13.1.2. Loss Functions#

Loss functions are the objective minimised by the Solvers. They measure the discrepancy between a test representation and a candidate prevalence-weighted mixture of the training representations. A quantifier family is largely defined by the (representation, loss, solver) triple it composes, and the same loss is reused across several methods.

13.1.2.1. Role and mechanism#

Given the per-class descriptors and a candidate prevalence \(p\), a loss \(\mathcal{L}(p)\) scores how well the mixture reproduces the test descriptor; the solver returns the \(p\) that minimises it. The factory get_loss builds any of the losses below by name.

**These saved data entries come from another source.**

lemma lovasz_sum_sum:
  "lovasz_sum f (\<lambda>j. \<Sum>m\<in>M. c m * g m j) p = (\<Sum>m\<in>M. c m * lovasz_sum f (g m) p)"
  unfolding lovasz_sum_def sum_distrib_left sum_distrib_right mult.assoc
  by (rule sum.swap)

lemma lovasz_sum_indicator_le:
  assumes "submodular f" "distinct p"
  shows "lovasz_sum f (indicator A) p \<le> f (A \<inter> set p) - f {}"
  using assms(2)
proof (induction p rule: rev_induct)
  case Nil
  then show ?case by (simp add: lovasz_sum_def)
next
  case (snoc x p)
  then have "x \<notin> set p" "distinct p" by auto
  have snoc_eq: "lovasz_sum f (indicator A) (p @ [x])
      = lovasz_sum f (indicator A) p + indicator A x * (f (insert x (set p)) - f (set p))"
    by (simp add: lovasz_sum_def nth_append)
  show ?case
  proof (cases "x \<in> A")
    case True
    have "f (set p \<union> insert x (A \<inter> set p)) + f (set p \<inter> insert x (A \<inter> set p))
        \<le> f (set p) + f (insert x (A \<inter> set p))"
      using assms(1) unfolding submodular_def by blast
    moreover have "set p \<union> insert x (A \<inter> set p) = insert x (set p)"
      and "set p \<inter> insert x (A \<inter> set p) = A \<inter> set p"
      and "A \<inter> set (p @ [x]) = insert x (A \<inter> set p)"
      using True \<open>x \<notin> set p\<close> by auto
    ultimately show ?thesis
      using snoc_eq snoc.IH \<open>distinct p\<close> True by simp
  next
    case False
    then show ?thesis using snoc_eq snoc.IH \<open>distinct p\<close> by simp
  qed
qed

lemma lovasz_sum_indicator_prefix:
  assumes "distinct p"
  shows "lovasz_sum f (indicator (set (take m p))) p = f (set (take m p)) - f {}"
proof -
  let ?D = "\<lambda>i. f (set (take (Suc i) p)) - f (set (take i p))"
  have "lovasz_sum f (indicator (set (take m p))) p = (\<Sum>i<length p. if i \<in> {..<m} then ?D i else 0)"
    unfolding lovasz_sum_def using assms
    by (intro sum.cong) (auto simp: indicator_def nth_in_set_take_iff)
  also have "\<dots> = (\<Sum>i<min m (length p). ?D i)"
    by (subst sum.inter_restrict[symmetric]) (simp_all add: greaterThan_Int_greaterThan min.commute)
  also have "\<dots> = f (set (take m p)) - f {}"
    by (subst sum_lessThan_telescope) (simp add: min_def)
  finally show ?thesis .
qed

lemma sum_indicator_prefixes_nth:
  fixes d :: "nat \<Rightarrow> real"
  assumes "distinct s" "k < length s"
  shows "(\<Sum>m<length s. d m * indicator (set (take (Suc m) s)) (s ! k)) = (\<Sum>m=k..<length s. d m)"
proof -
  have "(\<Sum>m<length s. d m * indicator (set (take (Suc m) s)) (s ! k))
      = (\<Sum>m<length s. if m \<in> {k..} then d m else 0)"
    using assms by (intro sum.cong) (auto simp: nth_in_set_take_iff indicator_def)
  also have "\<dots> = (\<Sum>m=k..<length s. d m)"
    by (subst sum.inter_restrict[symmetric]) (auto intro: sum.cong)
  finally show ?thesis .
qed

Loss	Objective (in words)	Used by
`DistanceLoss`	Selectable distribution distance (Hellinger, Topsoe, prob-symm, …).	DyS, HDy, HDx
`LeastSquaresLoss`	Squared error \(\lVert y - X p \rVert^2\) of the linear system.	GACC, GPACC, FM, MMD_RKHS
`HellingerSurrogateLoss`	\(-\sum_i \sqrt{p_i q_i}\), a gradient-friendly squared-Hellinger surrogate.	GHDy, GHDx, KDEyHD
`EnergyLoss`	Energy-distance quadratic \(p^\top(2q - M p)\).	EDy, EDx
`NegativeLogLikelihoodLoss`	Negative log-likelihood of the mixture density.	EMQ, KDEyML, GKDEyML, MLPE
`MixtureNegativeLogLikelihoodLoss`, `RegularizedMixtureNLLLoss`	Mixture NLL built from per-class likelihoods, optionally with a simplex-smoothness penalty.	likelihood-compose quantifiers

BaseLoss defines the callable interface; custom losses subclass it.

13.1.2.2. Choosing a loss#

Distance / Hellinger-surrogate losses drive the histogram and KDE matching methods; Topsoe is usually the best general distance for DyS.
Least squares implements the unified constrained-regression objective.
Energy is the closed quadratic behind the energy-distance methods.
Negative log-likelihood is the maximum-likelihood objective behind EM and KDE-ML quantifiers.

13.1.2.3. Used by#

The loss is the second element of the (representation, loss, solver) triple; see Distribution Matching and Likelihood-Based Quantification.

13.1.2.4. Example#

from mlquantify.losses import get_loss

loss = get_loss("hellinger")
value = loss([0.4, 0.6], [0.5, 0.5])

13.1.2.5. References#

See also

Representations and Solvers for the other two elements of the matching triple.